─── Data for analysis
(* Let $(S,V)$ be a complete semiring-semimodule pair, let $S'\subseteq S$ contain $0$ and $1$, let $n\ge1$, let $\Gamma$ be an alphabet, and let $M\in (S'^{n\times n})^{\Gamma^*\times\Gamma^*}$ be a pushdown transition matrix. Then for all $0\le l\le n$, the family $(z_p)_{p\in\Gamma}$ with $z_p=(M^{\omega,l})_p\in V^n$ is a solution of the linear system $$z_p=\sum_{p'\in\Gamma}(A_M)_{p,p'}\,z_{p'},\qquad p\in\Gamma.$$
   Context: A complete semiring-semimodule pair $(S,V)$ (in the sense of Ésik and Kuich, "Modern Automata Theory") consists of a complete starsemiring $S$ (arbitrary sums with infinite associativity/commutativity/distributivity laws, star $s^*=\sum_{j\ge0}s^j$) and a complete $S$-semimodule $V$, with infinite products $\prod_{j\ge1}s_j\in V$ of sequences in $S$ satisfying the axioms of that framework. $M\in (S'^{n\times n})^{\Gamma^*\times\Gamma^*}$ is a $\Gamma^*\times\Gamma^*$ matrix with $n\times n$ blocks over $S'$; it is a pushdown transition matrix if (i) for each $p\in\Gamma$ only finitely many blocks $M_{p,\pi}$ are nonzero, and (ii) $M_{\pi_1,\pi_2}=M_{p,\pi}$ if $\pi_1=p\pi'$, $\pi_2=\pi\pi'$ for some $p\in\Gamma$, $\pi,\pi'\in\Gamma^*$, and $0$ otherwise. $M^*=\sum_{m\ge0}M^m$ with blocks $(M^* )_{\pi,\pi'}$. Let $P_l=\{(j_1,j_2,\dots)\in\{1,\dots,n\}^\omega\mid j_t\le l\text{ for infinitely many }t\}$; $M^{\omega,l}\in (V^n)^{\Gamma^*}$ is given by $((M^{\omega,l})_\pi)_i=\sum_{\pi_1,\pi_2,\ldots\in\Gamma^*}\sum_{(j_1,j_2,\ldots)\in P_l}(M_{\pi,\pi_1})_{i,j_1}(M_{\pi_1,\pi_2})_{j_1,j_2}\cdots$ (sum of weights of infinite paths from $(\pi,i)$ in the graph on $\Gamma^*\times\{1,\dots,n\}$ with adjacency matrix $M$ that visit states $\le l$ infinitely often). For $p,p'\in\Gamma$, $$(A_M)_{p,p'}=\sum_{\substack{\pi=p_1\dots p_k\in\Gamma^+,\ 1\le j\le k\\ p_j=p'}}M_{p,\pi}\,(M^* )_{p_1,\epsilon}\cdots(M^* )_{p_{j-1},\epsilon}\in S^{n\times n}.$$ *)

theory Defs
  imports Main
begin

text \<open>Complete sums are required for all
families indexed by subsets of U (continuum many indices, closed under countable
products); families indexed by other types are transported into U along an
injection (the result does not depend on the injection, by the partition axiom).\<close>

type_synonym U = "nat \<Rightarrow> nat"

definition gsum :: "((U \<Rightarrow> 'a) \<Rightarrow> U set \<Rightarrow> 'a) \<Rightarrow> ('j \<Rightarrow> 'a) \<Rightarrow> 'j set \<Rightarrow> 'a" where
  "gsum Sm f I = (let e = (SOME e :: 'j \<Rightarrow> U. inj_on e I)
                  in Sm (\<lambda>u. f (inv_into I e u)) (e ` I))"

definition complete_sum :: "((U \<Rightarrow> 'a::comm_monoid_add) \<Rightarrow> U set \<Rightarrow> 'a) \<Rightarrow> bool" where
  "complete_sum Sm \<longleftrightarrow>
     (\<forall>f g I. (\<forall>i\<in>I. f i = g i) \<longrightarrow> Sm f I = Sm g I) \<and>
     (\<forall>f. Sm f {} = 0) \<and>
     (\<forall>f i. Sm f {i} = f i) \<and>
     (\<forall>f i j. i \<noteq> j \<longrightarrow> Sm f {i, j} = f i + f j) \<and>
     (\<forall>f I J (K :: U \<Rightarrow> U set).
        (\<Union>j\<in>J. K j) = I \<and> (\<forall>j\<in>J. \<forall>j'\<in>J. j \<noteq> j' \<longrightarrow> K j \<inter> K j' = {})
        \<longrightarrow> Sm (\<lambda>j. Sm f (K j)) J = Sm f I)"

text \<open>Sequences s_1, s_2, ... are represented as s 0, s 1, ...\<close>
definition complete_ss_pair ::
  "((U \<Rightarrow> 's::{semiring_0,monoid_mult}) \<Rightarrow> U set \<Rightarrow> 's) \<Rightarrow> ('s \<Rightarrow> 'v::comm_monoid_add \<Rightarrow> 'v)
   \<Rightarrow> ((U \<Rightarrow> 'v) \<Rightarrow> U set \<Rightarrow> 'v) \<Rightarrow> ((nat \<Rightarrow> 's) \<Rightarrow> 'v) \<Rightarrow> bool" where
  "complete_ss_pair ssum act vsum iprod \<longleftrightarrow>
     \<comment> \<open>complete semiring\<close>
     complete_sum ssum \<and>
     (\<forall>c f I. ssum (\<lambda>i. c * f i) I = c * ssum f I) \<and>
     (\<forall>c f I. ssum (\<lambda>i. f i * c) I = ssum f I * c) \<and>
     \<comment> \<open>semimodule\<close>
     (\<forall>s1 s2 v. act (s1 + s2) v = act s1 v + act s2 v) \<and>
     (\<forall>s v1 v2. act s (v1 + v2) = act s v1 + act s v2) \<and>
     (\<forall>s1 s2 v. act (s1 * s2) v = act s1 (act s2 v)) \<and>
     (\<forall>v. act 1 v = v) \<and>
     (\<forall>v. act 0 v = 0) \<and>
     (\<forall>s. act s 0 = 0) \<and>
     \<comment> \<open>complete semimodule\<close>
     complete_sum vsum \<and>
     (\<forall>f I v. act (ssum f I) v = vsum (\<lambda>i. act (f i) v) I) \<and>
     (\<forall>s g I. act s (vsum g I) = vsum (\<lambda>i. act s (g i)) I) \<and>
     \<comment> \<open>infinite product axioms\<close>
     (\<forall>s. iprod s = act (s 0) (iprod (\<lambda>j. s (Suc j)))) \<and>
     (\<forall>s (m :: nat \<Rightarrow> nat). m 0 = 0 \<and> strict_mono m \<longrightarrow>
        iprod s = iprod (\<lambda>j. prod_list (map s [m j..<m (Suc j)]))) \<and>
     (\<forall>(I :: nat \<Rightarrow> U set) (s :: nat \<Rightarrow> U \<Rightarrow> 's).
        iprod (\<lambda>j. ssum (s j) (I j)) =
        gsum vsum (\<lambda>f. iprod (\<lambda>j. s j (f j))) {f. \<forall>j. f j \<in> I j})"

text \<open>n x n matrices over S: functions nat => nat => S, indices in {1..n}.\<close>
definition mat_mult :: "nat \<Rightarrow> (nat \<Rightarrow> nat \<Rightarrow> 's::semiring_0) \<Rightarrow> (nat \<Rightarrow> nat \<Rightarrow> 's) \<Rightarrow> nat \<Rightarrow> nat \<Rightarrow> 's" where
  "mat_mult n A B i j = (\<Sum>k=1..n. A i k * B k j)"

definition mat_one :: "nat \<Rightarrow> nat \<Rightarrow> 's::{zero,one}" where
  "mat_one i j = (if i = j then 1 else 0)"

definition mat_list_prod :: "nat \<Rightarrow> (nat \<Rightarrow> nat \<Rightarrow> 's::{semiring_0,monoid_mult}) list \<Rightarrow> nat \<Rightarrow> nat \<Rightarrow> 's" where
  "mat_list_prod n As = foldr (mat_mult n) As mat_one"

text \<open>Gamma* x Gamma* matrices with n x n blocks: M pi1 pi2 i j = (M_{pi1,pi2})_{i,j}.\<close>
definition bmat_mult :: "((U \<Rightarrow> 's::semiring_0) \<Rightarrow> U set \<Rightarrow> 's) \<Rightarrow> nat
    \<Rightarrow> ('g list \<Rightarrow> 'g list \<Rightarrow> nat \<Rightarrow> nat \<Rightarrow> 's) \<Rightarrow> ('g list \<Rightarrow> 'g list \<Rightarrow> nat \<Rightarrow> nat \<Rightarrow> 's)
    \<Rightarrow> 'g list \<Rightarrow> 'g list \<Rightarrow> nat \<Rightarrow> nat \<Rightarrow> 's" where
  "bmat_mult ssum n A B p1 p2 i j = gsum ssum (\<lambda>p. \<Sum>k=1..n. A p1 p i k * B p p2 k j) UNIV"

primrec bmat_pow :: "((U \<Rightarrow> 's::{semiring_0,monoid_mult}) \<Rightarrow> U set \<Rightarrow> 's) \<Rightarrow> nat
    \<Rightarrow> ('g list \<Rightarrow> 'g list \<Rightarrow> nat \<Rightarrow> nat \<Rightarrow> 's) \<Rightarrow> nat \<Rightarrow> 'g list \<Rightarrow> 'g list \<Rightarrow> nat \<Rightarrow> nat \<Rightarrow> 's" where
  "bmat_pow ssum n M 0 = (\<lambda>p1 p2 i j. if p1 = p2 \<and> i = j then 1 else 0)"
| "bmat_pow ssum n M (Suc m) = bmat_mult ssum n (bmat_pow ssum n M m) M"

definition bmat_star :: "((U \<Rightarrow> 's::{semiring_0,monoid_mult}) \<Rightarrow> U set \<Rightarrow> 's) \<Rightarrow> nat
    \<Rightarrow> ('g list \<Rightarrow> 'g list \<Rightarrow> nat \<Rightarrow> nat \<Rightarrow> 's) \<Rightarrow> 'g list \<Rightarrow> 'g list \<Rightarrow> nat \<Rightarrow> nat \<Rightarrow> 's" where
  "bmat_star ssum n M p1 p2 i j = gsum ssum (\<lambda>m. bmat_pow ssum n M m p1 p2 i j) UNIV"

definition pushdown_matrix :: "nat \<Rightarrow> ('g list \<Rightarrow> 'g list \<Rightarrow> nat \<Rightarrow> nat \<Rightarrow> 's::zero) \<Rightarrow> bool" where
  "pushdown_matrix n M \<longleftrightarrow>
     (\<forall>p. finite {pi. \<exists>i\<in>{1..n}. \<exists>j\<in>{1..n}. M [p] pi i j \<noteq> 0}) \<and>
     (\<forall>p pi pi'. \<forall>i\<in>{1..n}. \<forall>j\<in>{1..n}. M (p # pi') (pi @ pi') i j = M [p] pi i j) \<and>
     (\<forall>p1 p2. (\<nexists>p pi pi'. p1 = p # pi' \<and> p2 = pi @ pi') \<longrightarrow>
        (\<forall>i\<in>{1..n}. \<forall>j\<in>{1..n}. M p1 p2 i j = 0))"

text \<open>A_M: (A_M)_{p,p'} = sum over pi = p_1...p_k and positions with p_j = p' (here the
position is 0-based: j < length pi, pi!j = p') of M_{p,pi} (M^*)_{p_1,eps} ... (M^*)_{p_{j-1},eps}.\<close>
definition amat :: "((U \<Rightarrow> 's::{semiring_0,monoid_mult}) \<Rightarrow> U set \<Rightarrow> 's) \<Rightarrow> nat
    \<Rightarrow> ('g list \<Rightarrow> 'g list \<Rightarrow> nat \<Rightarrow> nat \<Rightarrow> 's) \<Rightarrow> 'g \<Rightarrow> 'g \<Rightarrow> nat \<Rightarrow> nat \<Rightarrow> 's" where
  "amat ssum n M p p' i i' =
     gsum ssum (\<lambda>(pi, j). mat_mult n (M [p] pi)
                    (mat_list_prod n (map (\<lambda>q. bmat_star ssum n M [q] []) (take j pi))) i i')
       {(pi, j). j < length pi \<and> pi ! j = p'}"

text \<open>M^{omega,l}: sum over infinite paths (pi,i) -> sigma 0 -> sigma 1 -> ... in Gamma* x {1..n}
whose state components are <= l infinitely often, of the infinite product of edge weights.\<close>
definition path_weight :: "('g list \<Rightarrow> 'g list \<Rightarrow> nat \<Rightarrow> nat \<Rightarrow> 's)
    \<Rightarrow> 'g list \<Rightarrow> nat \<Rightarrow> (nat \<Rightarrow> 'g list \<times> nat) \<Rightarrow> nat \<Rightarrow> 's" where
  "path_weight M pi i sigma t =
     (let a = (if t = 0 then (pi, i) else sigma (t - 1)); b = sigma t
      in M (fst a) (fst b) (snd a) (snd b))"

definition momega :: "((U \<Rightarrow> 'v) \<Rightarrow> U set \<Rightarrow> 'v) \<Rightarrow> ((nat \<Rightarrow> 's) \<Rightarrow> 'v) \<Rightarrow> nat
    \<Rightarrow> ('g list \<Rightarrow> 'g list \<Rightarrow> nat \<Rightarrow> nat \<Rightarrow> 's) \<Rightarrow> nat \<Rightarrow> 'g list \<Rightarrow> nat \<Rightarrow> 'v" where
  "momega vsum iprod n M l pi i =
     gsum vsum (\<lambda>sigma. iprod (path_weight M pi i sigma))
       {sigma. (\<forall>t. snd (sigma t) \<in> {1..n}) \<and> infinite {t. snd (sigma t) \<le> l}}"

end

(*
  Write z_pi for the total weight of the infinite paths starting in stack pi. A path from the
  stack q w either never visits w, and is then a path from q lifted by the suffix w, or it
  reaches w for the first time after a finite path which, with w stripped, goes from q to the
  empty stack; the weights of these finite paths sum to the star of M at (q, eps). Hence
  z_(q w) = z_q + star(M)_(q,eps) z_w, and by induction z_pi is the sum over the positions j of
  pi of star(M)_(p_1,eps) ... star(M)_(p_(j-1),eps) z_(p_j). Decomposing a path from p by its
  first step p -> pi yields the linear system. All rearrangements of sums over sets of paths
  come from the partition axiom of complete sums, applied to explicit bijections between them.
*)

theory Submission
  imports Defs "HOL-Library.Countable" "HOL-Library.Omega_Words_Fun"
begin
──────
─── Data for analysis
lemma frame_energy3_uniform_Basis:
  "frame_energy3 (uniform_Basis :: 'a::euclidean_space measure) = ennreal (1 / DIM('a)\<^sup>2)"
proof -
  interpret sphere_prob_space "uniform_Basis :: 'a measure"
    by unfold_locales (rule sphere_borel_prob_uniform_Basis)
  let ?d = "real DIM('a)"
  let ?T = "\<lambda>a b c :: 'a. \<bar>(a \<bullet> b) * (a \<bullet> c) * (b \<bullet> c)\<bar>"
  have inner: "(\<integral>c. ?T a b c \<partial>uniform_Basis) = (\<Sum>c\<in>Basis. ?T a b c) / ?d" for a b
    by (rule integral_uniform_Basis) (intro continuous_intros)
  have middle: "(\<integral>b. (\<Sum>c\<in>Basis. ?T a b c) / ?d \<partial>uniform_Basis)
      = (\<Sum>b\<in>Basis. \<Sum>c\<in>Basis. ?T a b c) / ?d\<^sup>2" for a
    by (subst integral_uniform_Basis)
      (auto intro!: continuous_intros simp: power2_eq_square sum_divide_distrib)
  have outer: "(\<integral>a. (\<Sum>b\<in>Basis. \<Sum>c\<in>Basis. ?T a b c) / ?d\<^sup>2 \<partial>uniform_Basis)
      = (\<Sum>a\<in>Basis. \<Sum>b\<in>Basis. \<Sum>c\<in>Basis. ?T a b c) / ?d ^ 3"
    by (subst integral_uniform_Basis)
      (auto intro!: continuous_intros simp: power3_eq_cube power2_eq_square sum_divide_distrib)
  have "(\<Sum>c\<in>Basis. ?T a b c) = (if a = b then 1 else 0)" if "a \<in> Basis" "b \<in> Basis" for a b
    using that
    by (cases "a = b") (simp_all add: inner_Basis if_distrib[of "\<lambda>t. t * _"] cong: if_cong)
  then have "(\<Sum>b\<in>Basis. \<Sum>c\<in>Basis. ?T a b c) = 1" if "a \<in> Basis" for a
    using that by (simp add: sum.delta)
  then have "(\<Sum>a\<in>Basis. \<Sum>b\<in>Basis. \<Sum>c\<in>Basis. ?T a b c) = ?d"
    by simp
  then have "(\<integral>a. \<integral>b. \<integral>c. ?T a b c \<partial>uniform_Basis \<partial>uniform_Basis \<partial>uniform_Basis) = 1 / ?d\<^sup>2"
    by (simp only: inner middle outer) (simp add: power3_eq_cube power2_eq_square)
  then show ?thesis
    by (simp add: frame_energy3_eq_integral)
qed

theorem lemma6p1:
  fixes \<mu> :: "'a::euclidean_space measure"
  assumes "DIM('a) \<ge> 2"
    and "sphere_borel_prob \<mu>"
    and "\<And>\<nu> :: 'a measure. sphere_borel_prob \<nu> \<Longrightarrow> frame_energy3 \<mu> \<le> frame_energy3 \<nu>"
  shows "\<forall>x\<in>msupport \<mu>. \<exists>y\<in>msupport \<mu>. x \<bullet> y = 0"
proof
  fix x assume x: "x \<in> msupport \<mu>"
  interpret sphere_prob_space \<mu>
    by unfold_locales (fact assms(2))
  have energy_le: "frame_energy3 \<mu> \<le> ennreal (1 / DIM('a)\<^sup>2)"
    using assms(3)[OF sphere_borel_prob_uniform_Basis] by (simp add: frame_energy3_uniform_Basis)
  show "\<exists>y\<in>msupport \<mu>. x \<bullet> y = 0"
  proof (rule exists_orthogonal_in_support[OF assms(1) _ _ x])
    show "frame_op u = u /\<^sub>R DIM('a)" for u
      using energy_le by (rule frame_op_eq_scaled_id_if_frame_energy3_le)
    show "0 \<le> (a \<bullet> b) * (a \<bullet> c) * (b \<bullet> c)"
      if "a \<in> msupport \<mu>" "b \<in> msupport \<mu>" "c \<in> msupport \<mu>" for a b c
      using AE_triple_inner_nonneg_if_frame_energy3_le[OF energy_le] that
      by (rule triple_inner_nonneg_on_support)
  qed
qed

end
──────
The records are given above. Copy each line in them that holds "bullet".

  let ?T = "\<lambda>a b c :: 'a. \<bar>(a \<bullet> b) * (a \<bullet> c) * (b \<bullet> c)\<bar>"
  shows "\<forall>x\<in>msupport \<mu>. \<exists>y\<in>msupport \<mu>. x \<bullet> y = 0"
  show "\<exists>y\<in>msupport \<mu>. x \<bullet> y = 0"
    show "0 \<le> (a \<bullet> b) * (a \<bullet> c) * (b \<bullet> c)"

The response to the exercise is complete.